Первый раз и я вышел на подмену: в скоропомощной стоматологии напился майор из академии, который выходил там в ночные. Пьяный майор беспробудно спал прямо на посту…. Так я принял своё первое дежурство. Зубные врачихи, пожалев, налили мне спирта. Для храбрости. Но в ту ночь не случилось ничего особенного, как я потом понимал. В зале обнаружили бомжа: спал и обмочился, выдав себя, хотя одет был прилично. Один человек сидел в очереди – и у него вдруг начался эпилептический припадок, которых я никогда не видел, и впал в ступор, подумав, что он у меня на глазах умирает. А под утро заявился пьяный парень в джинсовой куртке, вытащил из-за пояса пистолет и страдающе попросил, чтобы я подержал у себя, пока он сходит к врачу… Я не стал возражать и даже не задавал вопросов. Это был боевой пистолет Макарова. Вернул его, когда страдалец очень быстро освободился: напуганный, скисший. Сказав, что передумал… Боялся боли, не верил в наркоз… «Какой наркоз, бутылку водки выпил – а он, сука, болит!» Когда человек с пистолетом за поясом скрылся, от меня отхлынула мучительная тяжесть, которой всё это время наливался как свинцом – и стало так легко, будто бы это пролетел мимо и скрылся пьяный шальной ангел смерти. За спиной храпел майор. Но я его не будил. В семь утра я сдал дежурство его сменщику – и расписался, что за моё происшествий не было.

Я начал записывать: сценки, фразочки. От впечатлений. Потом это стало единственным способом вырвать себя из отупляющего их потока, когда приходил домой с дежурств. Казалось, слышу, вижу, чувствую – и не существую. И когда пишу – помню не себя, а чьи-то лица и голоса. Поэтому не ставил никаких дат, не было смысла. Только если год проходил – это что-то значило. 1994… 1995… 1996… 1997… Сколько людей осталось в этих записях, я не могу осознать – а было их тысячи. Приёмное отделение обыкновенной городской больницы. Вроде бы одно и то же. Подъехала скорая – и кто-то ещё поступил. Не было дня, чтобы на моих глазах кто-то не умирал. Но ко всему привыкали. Дежурили сутками, чтобы получать больше, набирая смен, кто сколько может.

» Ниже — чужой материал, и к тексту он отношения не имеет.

(* Let $t\ge 1$ be an integer and $n=2(t+1)^2$. For each $0\le i\le t$, let $\mathcal{C}_i\subseteq\mathbb{Z}_n^2$ be the linear code generated by the rows of \[ G_i=\begin{bmatrix} t+1+i & t+1-i\\ i & 2(t+1)-i\end{bmatrix}. \] Then every translate $\mathbf{x}+\mathcal{C}_i$ ($\mathbf{x}\in\mathbb{Z}_n^2$) is a $(2t+1)$-diameter perfect code with minimum distance $2t+2$ and anticode $\mathcal{A}_{2t+1}$.
   Context: $\mathbb{Z}_n$ is the ring of integers modulo $n$. A code of length $m$ is a subset of $\mathbb{Z}_n^m$; it is linear if it is a submodule, and the code generated by a matrix is the submodule spanned by its rows. The Lee weight of $\mathbf{u}=(u_1,\dots,u_m)\in\mathbb{Z}_n^m$ is $\mathrm{wt}_L(\mathbf{u})=\sum_i\min\{u_i,n-u_i\}$ (with $u_i$ represented in $\{0,\dots,n-1\}$), and the Lee distance is $d_L(\mathbf{u},\mathbf{v})=\mathrm{wt}_L(\mathbf{u}-\mathbf{v})$; all distances are Lee distances. The minimum distance of a code is the minimum Lee distance between distinct codewords. A translate of $\mathcal{C}$ by $\mathbf{x}$ is $\mathbf{x}+\mathcal{C}=\{\mathbf{x}+\mathbf{c}:\mathbf{c}\in\mathcal{C}\}$. An anticode of diameter $D$ is a subset in which the maximum distance between two elements is $D$. For an adjacent pair $\{p_1,p_2\}$ of points (Lee distance $1$) and $2t+1\le n$, $\mathcal{A}_{2t+1}$ denotes the set of all points at distance at most $t$ from $\{p_1,p_2\}$ (i.e. from $p_1$ or from $p_2$); $\{p_1,p_2\}$ is its core. Code–anticode bound: if $\mathcal{C}$ has minimum distance $d$ and $\mathcal{A}$ is an anticode of diameter $D=d-1$, then $|\mathcal{C}|\cdot|\mathcal{A}|\le|\mathbb{Z}_n^m|$; a code attaining equality (with $\mathcal{A}$ an anticode of maximum size for diameter $D$) is called a $D$-diameter perfect code (with anticode $\mathcal{A}$). *)

theory Defs
  imports Main
begin
lemma f_lemma2_tendsto_at_top: "(f_lemma2 \<longlongrightarrow> ln 8) at_top"
proof -
  have "(f_lemma2 \<longlongrightarrow> - ln ((1 / 2) ^ 2 / 2)) at_top"
    unfolding f_lemma2_def [abs_def] tanh_def sinh_field_def cosh_field_def by real_asymp
  moreover have "- ln ((1 / 2) ^ 2 / 2) = (ln 8 :: real)"
    by (simp add: ln_div power2_eq_square)
  ultimately show ?thesis
    by simp
qed

section \<open>Numerical bounds\<close>

lemma exp_3_212_bounds: "24.82869 \<le> exp (3.212 :: real)" "exp (3.212 :: real) \<le> 24.8287"
  by (rule exp_ge_if_Taylor_ge[where n = 18] exp_le_if_Taylor_le[where n = 18];
      simp add: eval_nat_numeral)+

lemma exp_3_213_le: "exp (3.213 :: real) \<le> 24.8536"
  by (rule exp_le_if_Taylor_le[where n = 18]) (simp_all add: eval_nat_numeral)

lemma exp_1_35035_ge: "3.8587 \<le> exp (1.35035 :: real)"
  by (rule exp_ge_if_Taylor_ge[where n = 14]) (simp_all add: eval_nat_numeral)

lemma exp_1_350305_le: "exp (1.350305 :: real) \<le> 3.85861"
  by (rule exp_le_if_Taylor_le[where n = 14]) (simp_all add: eval_nat_numeral)

lemma exp_2_less_8: "exp (2 :: real) < 8"
proof -
  have "exp (2 :: real) \<le> 7.4"
    by (rule exp_le_if_Taylor_le[where n = 12]) (simp_all add: eval_nat_numeral)
  then show ?thesis
    by simp
qed

lemma two_less_ln_8: "2 < ln (8 :: real)"
proof -
  have "ln (exp 2) < ln (8 :: real)"
    by (subst ln_less_cancel_iff) (use exp_2_less_8 in auto)
  then show ?thesis
    by (simp only: ln_exp)
qed

lemma deriv_num_exp: "deriv_num y = (2 - y / 2) * exp y - (2 + y / 2) / exp y - 3 * y"
  unfolding deriv_num_def sinh_field_def cosh_field_def exp_minus
  by (simp add: field_simps)

lemma deriv_num_3_212_pos: "0 < deriv_num 3.212"
proof -
  have "0 < 0.394 * 24.82869 - 3.606 / 24.82869 - (9.636 :: real)"
    by simp
  also have "\<dots> \<le> 0.394 * exp 3.212 - 3.606 / exp 3.212 - 9.636"
    using mult_minus_divide_mono[of "0.394" "3.606" "24.82869" "exp 3.212"] exp_3_212_bounds(1)
    by simp
  also have "\<dots> = deriv_num 3.212"
    by (simp add: deriv_num_exp)
  finally show ?thesis .
qed

lemma deriv_num_3_213_neg: "deriv_num 3.213 < 0"
proof -
  have "deriv_num 3.213 = 0.3935 * exp 3.213 - 3.6065 / exp 3.213 - (9.639 :: real)"
    by (simp add: deriv_num_exp)
  also have "\<dots> \<le> 0.3935 * 24.8536 - 3.6065 / 24.8536 - 9.639"
    using mult_minus_divide_mono[of "0.3935" "3.6065" "exp 3.213" "24.8536"] exp_3_213_le
    by simp
  also have "\<dots> < 0"
    by simp
  finally show ?thesis .
qed

lemma deriv_num_zero_exists: "\<exists>c. 1.606 < c \<and> c < 1.6065 \<and> deriv_num (2 * c) = 0"
proof -
  have "continuous_on {1.606..1.6065} (\<lambda>x. deriv_num (2 * x))"
    unfolding deriv_num_def by (intro continuous_intros)
  then obtain c where c: "1.606 \<le> c" "c \<le> 1.6065" "deriv_num (2 * c) = 0"
    using IVT2'[of "\<lambda>x. deriv_num (2 * x)" "1.6065" 0 "1.606"] deriv_num_3_212_pos deriv_num_3_213_neg
    by auto
  moreover have "c \<noteq> 1.606" "c \<noteq> 1.6065"
    using c(3) deriv_num_3_212_pos deriv_num_3_213_neg by force+
  ultimately show ?thesis
    by (intro exI[of _ c]) auto
qed

lemma sinh_ge_1_44:
  fixes x :: real
  assumes "1.606 \<le> x"
  shows "1.44 \<le> sinh x"
proof -
  have "1 + x + x\<^sup>2 / 2 \<le> exp x"
    using assms by (intro exp_ge_if_Taylor_ge[where n = 3]) (auto simp: eval_nat_numeral)
  moreover have "2.579236 \<le> x\<^sup>2"
    using power_mono[OF assms, of 2] by (simp add: power2_eq_square)
  moreover have "exp x - 1 \<le> 2 * sinh x"
    using assms by (simp add: sinh_field_def)
  ultimately show ?thesis
    using assms by simp
qed
(* Let $M=\mathbb{R}_{\max}$ and $R=s(M)$ be its symmetrization hyperfield. Let $f\in M[x_1,\dots,x_n]$ be a polynomial written as a sum $f=\sum_{i=1}^k m_i$ of $k\ge1$ monomials $m_i=c_iX^{I_i}$ with $c_i\in\mathbb{R}$ and pairwise distinct multi-indices $I_i\in\mathbb{N}^n$. For each $i$ let \[\tilde f_{\hat i}:=\sum_{j\neq i}(c_j,1)X^{I_j}+(c_i,-1)X^{I_i}\in R[x_1,\dots,x_n],\] let $V(\tilde f_{\hat i}):=\{z\in R^n\mid 0_R\in\tilde f_{\hat i}(z)\}$ and $HV(f):=\bigcup_{i=1}^kV(\tilde f_{\hat i})$. Let $\varphi=s^n:M^n\to R^n$ be the coordinatewise map $a\mapsto(a,1)$ (with $-\infty\mapsto 0_R$). Then $\varphi(\operatorname{trop}(V(f)))=HV(f)\cap\operatorname{Im}(\varphi)$; in particular $\varphi$ restricts to a bijection $\operatorname{trop}(V(f))\to HV(f)\cap\operatorname{Im}(\varphi)$.
   Context: $\mathbb{R}_{\max}=(\mathbb{R}\cup\{-\infty\},\max,+)$ is the tropical semifield: its "addition" is $\max$ (zero element $0_M=-\infty$) and its "multiplication" is ordinary addition (unit $0$). For a monomial $m=cX^I$ and $a\in M^n$, $m(a)=c+\sum_l I_l a_l$ (ordinary arithmetic, with $-\infty$ absorbing). $\operatorname{trop}(V(f))$ is the set of $a\in M^n$ such that the value $\max_i m_i(a)$ is either $-\infty$ or is attained by at least two distinct indices $i$. The symmetrization $R=s(M)$ has elements $(t,1)$, $(t,-1)$ for $t\in\mathbb{R}$ together with $0_R=(-\infty,1)=(-\infty,-1)$; write $|(t,p)|=t$. Its hyperaddition is: for $x,y\in R$, $x+y=\{x\}$ if $|x|>|y|$ or $x=y$; $x+y=\{y\}$ if $|x|<|y|$; and if $|x|=|y|$ with opposite signs, $x+y=\{(t,\pm1)\mid t\le|x|\}$ (including $0_R$). Multiplication is $(t,p)(u,q)=(t+u,pq)$ with $0_R$ absorbing. $R$ is a hyperfield. For a polynomial $g=\sum_I a_IX^I$ over $R$ (finite formal sum, no repeated multi-index) and $z\in R^n$, the evaluation $g(z)$ is the subset $\sum_I a_Iz^I\subseteq R$ computed with the hyperaddition (sums of sets as $A+B=\bigcup_{a\in A,b\in B}a+b$). *)

theory Defs
  imports "HOL-Library.Extended_Real"
begin

text \<open>An element of M is None (= -infinity) or Some t with t real.
  A point of M^n is a list of length n.\<close>
type_synonym tropM = "real option"

text \<open>A monomial c X^I over M: a pair (c, I) with c real and I a multi-index
  (list of natural numbers of length n).\<close>
type_synonym monoM = "real \<times> nat list"

text \<open>m(a) = c + sum_l I_l a_l, with -infinity absorbing; a factor with exponent
  I_l = 0 is the tropical unit (X_l^0 = 1), so it contributes nothing.\<close>
definition mono_eval :: "monoM \<Rightarrow> tropM list \<Rightarrow> tropM" where
  "mono_eval m a =
     (if \<forall>l < length (snd m). 0 < snd m ! l \<longrightarrow> a ! l \<noteq> None
      then Some (fst m + (\<Sum>l<length (snd m). (if snd m ! l = 0 then 0
                   else real (snd m ! l) * the (a ! l))))
      else None)"

definition tle :: "tropM \<Rightarrow> tropM \<Rightarrow> bool" where
  "tle x y = (case x of None \<Rightarrow> True | Some s \<Rightarrow> (case y of None \<Rightarrow> False | Some t \<Rightarrow> s \<le> t))"

text \<open>trop(V(f)) for f = sum of the monomials in the list ms (n variables):
  points a in M^n such that max_i m_i(a) is -infinity or attained at two distinct indices.\<close>
definition tropV :: "nat \<Rightarrow> monoM list \<Rightarrow> tropM list set" where
  "tropV n ms = {a. length a = n \<and>
      ((\<forall>i < length ms. mono_eval (ms ! i) a = None) \<or>
       (\<exists>i < length ms. \<exists>j < length ms. i \<noteq> j \<and>
          mono_eval (ms ! i) a = mono_eval (ms ! j) a \<and>
          (\<forall>l < length ms. tle (mono_eval (ms ! l) a) (mono_eval (ms ! i) a))))}"

text \<open>None = 0_R; Some (t, True) = (t, 1); Some (t, False) = (t, -1).\<close>
type_synonym symR = "(real \<times> bool) option"

definition rzero :: symR where "rzero = None"
definition rone :: symR where "rone = Some (0, True)"

definition rabs :: "symR \<Rightarrow> ereal" where
  "rabs x = (case x of None \<Rightarrow> -\<infinity> | Some (t, _) \<Rightarrow> ereal t)"

text \<open>Hyperaddition. In the last case |x| = |y| and x \<noteq> y, i.e. opposite signs;
  the result is {(t, +-1) | t \<le> |x|} together with 0_R.\<close>
definition hadd :: "symR \<Rightarrow> symR \<Rightarrow> symR set" where
  "hadd x y = (if rabs x > rabs y \<or> x = y then {x}
               else if rabs x < rabs y then {y}
               else {z. rabs z \<le> rabs x})"

definition hset_add :: "symR set \<Rightarrow> symR set \<Rightarrow> symR set" where
  "hset_add A B = (\<Union>a\<in>A. \<Union>b\<in>B. hadd a b)"

fun rmult :: "symR \<Rightarrow> symR \<Rightarrow> symR" where
  "rmult (Some (t, p)) (Some (u, q)) = Some (t + u, p = q)"
| "rmult _ _ = None"

fun rpow :: "symR \<Rightarrow> nat \<Rightarrow> symR" where
  "rpow x 0 = rone"
| "rpow x (Suc k) = rmult x (rpow x k)"

definition rmono_eval :: "symR \<times> nat list \<Rightarrow> symR list \<Rightarrow> symR" where
  "rmono_eval m z = foldr (\<lambda>l acc. rmult (rpow (z ! l) (snd m ! l)) acc)
                         [0..<length (snd m)] (fst m)"

text \<open>Evaluation g(z) of a polynomial over R (list of monomials) as a subset of R,
  computed with the hyperaddition (0_R is neutral: 0_R + x = {x}).\<close>
definition reval :: "(symR \<times> nat list) list \<Rightarrow> symR list \<Rightarrow> symR set" where
  "reval g z = foldr (\<lambda>m S. hset_add {rmono_eval m z} S) g {rzero}"

definition RV :: "nat \<Rightarrow> (symR \<times> nat list) list \<Rightarrow> symR list set" where
  "RV n g = {z. length z = n \<and> rzero \<in> reval g z}"

definition ftilde :: "monoM list \<Rightarrow> nat \<Rightarrow> (symR \<times> nat list) list" where
  "ftilde ms i = map (\<lambda>j. (Some (fst (ms ! j), j \<noteq> i), snd (ms ! j))) [0..<length ms]"

definition HV :: "nat \<Rightarrow> monoM list \<Rightarrow> symR list set" where
  "HV n ms = (\<Union>i<length ms. RV n (ftilde ms i))"

definition sM :: "tropM \<Rightarrow> symR" where
  "sM a = (case a of None \<Rightarrow> rzero | Some t \<Rightarrow> Some (t, True))"

definition phi :: "tropM list \<Rightarrow> symR list" where
  "phi a = map sM a"

end

theory Submission
  imports Defs
begin

text \<open>Evaluating \<open>f~_i\<close> at \<open>\<phi>(a)\<close> produces the hypersum of the values \<open>m_j(a)\<close>, each
  lifted to \<open>R\<close> with sign \<open>+1\<close> except the \<open>i\<close>-th one, which gets sign \<open>-1\<close>. Such a
  hypersum contains \<open>0_R\<close> exactly when all terms vanish or the largest absolute value is
  attained by two different terms; as different terms of equal absolute value must have
  opposite signs, one of them is the \<open>i\<close>-th. Hence \<open>\<phi>(a) \<in> V(f~_i)\<close> says that \<open>max_j m_j(a)\<close>
  is \<open>-\<infinity>\<close> or is attained at \<open>i\<close> and at another index, and the union over \<open>i\<close> is
  \<open>trop(V(f))\<close>. Injectivity of \<open>\<phi>\<close> gives the bijection.\<close>

definition signed :: "bool \<Rightarrow> tropM \<Rightarrow> symR" where
  "signed p e = map_option (\<lambda>t. (t, p)) e"

definition trop_ereal :: "tropM \<Rightarrow> ereal" where
  "trop_ereal e = (case e of None \<Rightarrow> -\<infinity> | Some t \<Rightarrow> ereal t)"

lemma trop_ereal_inject: "trop_ereal e = trop_ereal e' \<longleftrightarrow> e = e'"
  by (cases e; cases e') (auto simp: trop_ereal_def)

lemma tle_iff_trop_ereal: "tle x y \<longleftrightarrow> trop_ereal x \<le> trop_ereal y"
  by (cases x; cases y) (auto simp: tle_def trop_ereal_def)
(* Let $X$ be a compact metric space with metric $d$, let $f\colon X\to X$ be a continuous map with the s-limit shadowing property, let $C\in\mathcal{C}(f)$ and $D\in\mathcal{D}(C)$, and let $\mathcal{G}$ be a full Furstenberg family. Then for every $n\ge2$, the set \[ B=\bigcap_{\epsilon>0}\{(x_1,\dots,x_n)\in[V^s(D)]^n\colon T_f(x_1,\dots,x_n;\epsilon)\in\mathcal{G}\} \] is a dense subset of $[V^s(D)]^n$.
   Context: A $\delta$-chain of $f$ ($\delta>0$) is a finite sequence $(x_i)_{i=0}^k$, $k\ge1$, of points of $X$ with $d(f(x_i),x_{i+1})\le\delta$ for $0\le i\le k-1$; it is a $\delta$-cycle if $x_0=x_k$, and $k$ is its length. Write $x\to y$ if for every $\delta>0$ there is a $\delta$-chain from $x$ to $y$. Let $CR(f)=\{x\in X\colon x\to x\}$; on $CR(f)$ let $x\leftrightarrow y$ iff $x\to y$ and $y\to x$. The equivalence classes of $\leftrightarrow$ are the chain components; $\mathcal{C}(f)$ is the set of chain components. For $C\in\mathcal{C}(f)$ and $\delta>0$, let $m=m(C,\delta)$ be the greatest common divisor of the lengths of all $\delta$-cycles of $f|_C$ (chains consisting of points of $C$), and for $x,y\in C$ let $x\sim_{C,\delta}y$ iff there is a $\delta$-chain $(x_i)_{i=0}^k$ of $f|_C$ with $x_0=x$, $x_k=y$ and $m\mid k$; this is an equivalence relation on $C$, and $\mathcal{D}(C,\delta)$ denotes its (finitely many) equivalence classes. Let $x\sim_C y$ iff $x\sim_{C,\delta}y$ for all $\delta>0$, and let $\mathcal{D}(C)$ be the set of equivalence classes of $\sim_C$. For $D\in\mathcal{D}(C)$ and $\delta>0$, let $D_\delta$ be the unique element of $\mathcal{D}(C,\delta)$ containing $D$. Define $W^s(C)=\{x\in X\colon\lim_{i\to\infty}d(f^i(x),C)=0\}$ and \[ V^s(D)=\bigcap_{\delta>0}\{x\in W^s(C)\colon\lim_{i\to\infty}d(f^i(x),f^i(D_\delta))=0\}, \] where $d(p,A)=\inf_{a\in A}d(p,a)$. A sequence $(x_i)_{i\ge0}$ is a $\delta$-limit-pseudo orbit if $d(f(x_i),x_{i+1})\le\delta$ for all $i$ and $d(f(x_i),x_{i+1})\to0$; it is $\epsilon$-limit shadowed by $x$ if $d(f^i(x),x_i)\le\epsilon$ for all $i\ge0$ and $d(f^i(x),x_i)\to0$. $f$ has the s-limit shadowing property if for every $\epsilon>0$ there is $\delta>0$ such that every $\delta$-limit-pseudo orbit of $f$ is $\epsilon$-limit shadowed by some point of $X$. A Furstenberg family is a nonempty proper family $\mathcal{F}\subsetneq 2^{\mathbb{N}_0}$ ($\mathbb{N}_0=\{0,1,2,\dots\}$) that is hereditary upward ($A\in\mathcal{F}$, $A\subset B$ implies $B\in\mathcal{F}$). It is full if $\{i\in A\colon i\ge n\}\in\mathcal{F}$ for all $A\in\mathcal{F}$ and $n\ge0$. For $x_1,\dots,x_n\in X$ and $r>0$, $T_f(x_1,\dots,x_n;r)=\{i\in\mathbb{N}_0\colon\max_{1\le j<k\le n}d(f^i(x_j),f^i(x_k))<r\}$. *)

theory Defs
  imports "HOL-Analysis.Analysis"
begin

definition is_chain :: "('a::metric_space \<Rightarrow> 'a) \<Rightarrow> real \<Rightarrow> (nat \<Rightarrow> 'a) \<Rightarrow> nat \<Rightarrow> bool" where
  "is_chain f \<delta> xi k \<longleftrightarrow> k \<ge> 1 \<and> (\<forall>i<k. dist (f (xi i)) (xi (Suc i)) \<le> \<delta>)"

definition chain_to :: "('a::metric_space \<Rightarrow> 'a) \<Rightarrow> 'a \<Rightarrow> 'a \<Rightarrow> bool" where
  "chain_to f x y \<longleftrightarrow> (\<forall>\<delta>>0. \<exists>xi k. is_chain f \<delta> xi k \<and> xi 0 = x \<and> xi k = y)"

definition CR :: "('a::metric_space \<Rightarrow> 'a) \<Rightarrow> 'a set" where
  "CR f = {x. chain_to f x x}"

definition chain_components :: "('a::metric_space \<Rightarrow> 'a) \<Rightarrow> 'a set set" where
  "chain_components f = {C. \<exists>x\<in>CR f. C = {y\<in>CR f. chain_to f x y \<and> chain_to f y x}}"

definition chain_in :: "('a::metric_space \<Rightarrow> 'a) \<Rightarrow> 'a set \<Rightarrow> real \<Rightarrow> (nat \<Rightarrow> 'a) \<Rightarrow> nat \<Rightarrow> bool" where
  "chain_in f C \<delta> xi k \<longleftrightarrow> is_chain f \<delta> xi k \<and> (\<forall>i\<le>k. xi i \<in> C)"

definition period_m :: "('a::metric_space \<Rightarrow> 'a) \<Rightarrow> 'a set \<Rightarrow> real \<Rightarrow> nat" where
  "period_m f C \<delta> = Gcd {k. \<exists>xi. chain_in f C \<delta> xi k \<and> xi 0 = xi k}"

definition sim_delta :: "('a::metric_space \<Rightarrow> 'a) \<Rightarrow> 'a set \<Rightarrow> real \<Rightarrow> 'a \<Rightarrow> 'a \<Rightarrow> bool" where
  "sim_delta f C \<delta> x y \<longleftrightarrow>
     (\<exists>xi k. chain_in f C \<delta> xi k \<and> xi 0 = x \<and> xi k = y \<and> period_m f C \<delta> dvd k)"

definition classes_delta :: "('a::metric_space \<Rightarrow> 'a) \<Rightarrow> 'a set \<Rightarrow> real \<Rightarrow> 'a set set" where
  "classes_delta f C \<delta> = {E. \<exists>x\<in>C. E = {y\<in>C. sim_delta f C \<delta> x y}}"

definition sim_C :: "('a::metric_space \<Rightarrow> 'a) \<Rightarrow> 'a set \<Rightarrow> 'a \<Rightarrow> 'a \<Rightarrow> bool" where
  "sim_C f C x y \<longleftrightarrow> (\<forall>\<delta>>0. sim_delta f C \<delta> x y)"

definition classes_C :: "('a::metric_space \<Rightarrow> 'a) \<Rightarrow> 'a set \<Rightarrow> 'a set set" where
  "classes_C f C = {D. \<exists>x\<in>C. D = {y\<in>C. sim_C f C x y}}"

definition D_delta :: "('a::metric_space \<Rightarrow> 'a) \<Rightarrow> 'a set \<Rightarrow> real \<Rightarrow> 'a set \<Rightarrow> 'a set" where
  "D_delta f C \<delta> D = (THE E. E \<in> classes_delta f C \<delta> \<and> D \<subseteq> E)"

definition Ws :: "('a::metric_space \<Rightarrow> 'a) \<Rightarrow> 'a set \<Rightarrow> 'a set" where
  "Ws f C = {x. (\<lambda>i. infdist ((f ^^ i) x) C) \<longlonglongrightarrow> 0}"

definition Vs :: "('a::metric_space \<Rightarrow> 'a) \<Rightarrow> 'a set \<Rightarrow> 'a set \<Rightarrow> 'a set" where
  "Vs f C D = (\<Inter>\<delta>\<in>{\<delta>::real. \<delta> > 0}.
      {x\<in>Ws f C. (\<lambda>i. infdist ((f ^^ i) x) ((f ^^ i) ` D_delta f C \<delta> D)) \<longlonglongrightarrow> 0})"

definition s_limit_shadowing :: "('a::metric_space \<Rightarrow> 'a) \<Rightarrow> bool" where
  "s_limit_shadowing f \<longleftrightarrow>
     (\<forall>\<epsilon>>0. \<exists>\<delta>>0. \<forall>xi::nat \<Rightarrow> 'a.
        ((\<forall>i. dist (f (xi i)) (xi (Suc i)) \<le> \<delta>) \<and> (\<lambda>i. dist (f (xi i)) (xi (Suc i))) \<longlonglongrightarrow> 0)
        \<longrightarrow> (\<exists>x. (\<forall>i. dist ((f ^^ i) x) (xi i) \<le> \<epsilon>) \<and> (\<lambda>i. dist ((f ^^ i) x) (xi i)) \<longlonglongrightarrow> 0))"

definition furstenberg_family :: "nat set set \<Rightarrow> bool" where
  "furstenberg_family F \<longleftrightarrow> F \<noteq> {} \<and> F \<noteq> UNIV \<and> (\<forall>A B. A \<in> F \<and> A \<subseteq> B \<longrightarrow> B \<in> F)"

definition full_family :: "nat set set \<Rightarrow> bool" where
  "full_family F \<longleftrightarrow> furstenberg_family F \<and> (\<forall>A\<in>F. \<forall>n. {i\<in>A. i \<ge> n} \<in> F)"

definition T_set :: "('a::metric_space \<Rightarrow> 'a) \<Rightarrow> nat \<Rightarrow> (nat \<Rightarrow> 'a) \<Rightarrow> real \<Rightarrow> nat set" where
  "T_set f n x r = {i. Max {dist ((f ^^ i) (x j)) ((f ^^ i) (x k)) | j k. j < k \<and> k < n} < r}"

text \<open>Dense subset of a finite product S^n (product topology, indices 0..n-1).\<close>
definition dense_in_tuples :: "nat \<Rightarrow> (nat \<Rightarrow> 'a::metric_space) set \<Rightarrow> (nat \<Rightarrow> 'a) set \<Rightarrow> bool" where
  "dense_in_tuples n B S \<longleftrightarrow> B \<subseteq> S \<and> (\<forall>x\<in>S. \<forall>e>0. \<exists>y\<in>B. \<forall>i<n. dist (x i) (y i) < e)"

end

theory Submission
  imports Defs
begin

text \<open>
  Given \<open>x, z \<in> V\<^sup>s(D)\<close> and \<open>\<epsilon> > 0\<close>, s-limit shadowing reduces the search for a point
  \<open>\<epsilon>\<close>-close to \<open>x\<close> and asymptotic to \<open>z\<close> to the construction of a \<open>\<delta>\<close>-chain that follows
  the orbit of \<open>x\<close> up to some time \<open>N\<close>, then runs inside \<open>C\<close>, and lands exactly at time
  \<open>N + P\<close> on the orbit of \<open>z\<close>; continued by that orbit, it is a \<open>\<delta>\<close>-limit-pseudo orbit.
  For large \<open>N\<close> and \<open>N + P\<close> the points \<open>f\<^bsup>N\<^esup> x\<close> and \<open>f\<^bsup>N+P\<^esup> z\<close> are close to images of
  the same class \<open>D\<^sub>\<delta>\<close>, which fixes modulo \<open>m(C, \<delta>)\<close> the length of chains in \<open>C\<close> between
  the corresponding nearby points. By compactness, chains in \<open>C\<close> from a fixed point exist for
  all large lengths in a given residue class, uniformly in the endpoint, so the required chain
  exists. Approximating every coordinate of a tuple by points asymptotic to its first
  coordinate then gives a tuple in \<open>[V\<^sup>s(D)]\<^sup>n\<close> all of whose sets \<open>T\<^sub>f(\<dots>; \<epsilon>)\<close> are
  cofinite, hence in the full family \<open>G\<close>.
\<close>

lemma add_closed_nat_set_large_multiples:
  fixes S :: "nat set"
  assumes zero: "0 \<in> S" and add: "\<And>s t. s \<in> S \<Longrightarrow> t \<in> S \<Longrightarrow> s + t \<in> S"
    and pos: "s0 \<in> S" "0 < s0"
  shows "\<exists>d T. 0 < d \<and> (\<forall>s\<in>S. d dvd s) \<and> (\<forall>k\<ge>T. k * d \<in> S)"
proof -
  have mult: "j * s \<in> S" if "s \<in> S" for j s
    by (induction j) (use zero add that in auto)
  define gap where "gap t \<longleftrightarrow> 0 < t \<and> (\<exists>s\<in>S. s + t \<in> S)" for t
  define d where "d = (LEAST t. gap t)"
  have "gap s0" using zero pos unfolding gap_def by force
  then have "gap d" unfolding d_def by (rule LeastI)
  then obtain s where s: "s \<in> S" "s + d \<in> S" "0 < d" unfolding gap_def by blast
  have dvd: "d dvd t" if "t \<in> S" for t
  proof -
    have "t + (t div d) * s = (t div d) * (s + d) + t mod d"
      by (simp add: algebra_simps)
    moreover have "t + (t div d) * s \<in> S" "(t div d) * (s + d) \<in> S"
      using add mult that s by auto
    ultimately have "gap (t mod d)" if "t mod d \<noteq> 0" using that unfolding gap_def by auto
    moreover have "\<not> gap (t mod d)" using not_less_Least[of "t mod d" gap] s(3) unfolding d_def by auto
    ultimately show ?thesis by auto
  qed
  obtain u where u: "s = u * d" using dvd[OF s(1)] by (metis dvdE mult.commute)
  have "k * d \<in> S" if k: "u * u \<le> k" for k
  proof (cases "u = 0")
    case True
    then show ?thesis using mult[OF s(2)] u by simp
  next
    case False
    have "k mod u < u" "u \<le> k div u" using div_le_mono[OF k, of u] False by simp_all
    then obtain v where v: "k div u = k mod u + v" using le_Suc_ex by (metis less_imp_le order_trans)
    have "k * d = ((k div u) * u + k mod u) * d" by simp
    also have "\<dots> = v * s + (k mod u) * (s + d)" unfolding u v by (simp add: algebra_simps)
    finally have "k * d = v * s + (k mod u) * (s + d)" .
    then show ?thesis using add mult s by auto
  qed
  then show ?thesis using s(3) dvd by blast
qed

То ли служба, то ли работа – охрана.

Развал, распад – но завелась всюду.

Свобода, объявленная как банкротство – но плодятся охраняемые зоны на каждом шагу. Детские сады. Больницы. Школы. Магазины. Самое мирное и гражданское почему-то. Ещё только церкви не охраняли, но появятся когда-то даже в церквях и прощупывающие до карманов арки металлоискателей – и охрана. Сторож – тот, что как бы внушал, спите, граждане, мирно, пока я не сплю – уступил мобилизованному по-армейски человеку. И уже не поколение каких-то сторожей – а половина мужского населения, опрокинутая в бедность, добровольно переоделась в камуфляж. И не сторожили – охраняли маленькие зоны – одетые в камуфляжную форму парнишки и мужички. Только она защищала, ну и кормила. Служили кому-то, как бы даже с преданностью. Старались, пугали собой – и сами же боялись. Но больше всего – потерять эту работу, потому что другой не было.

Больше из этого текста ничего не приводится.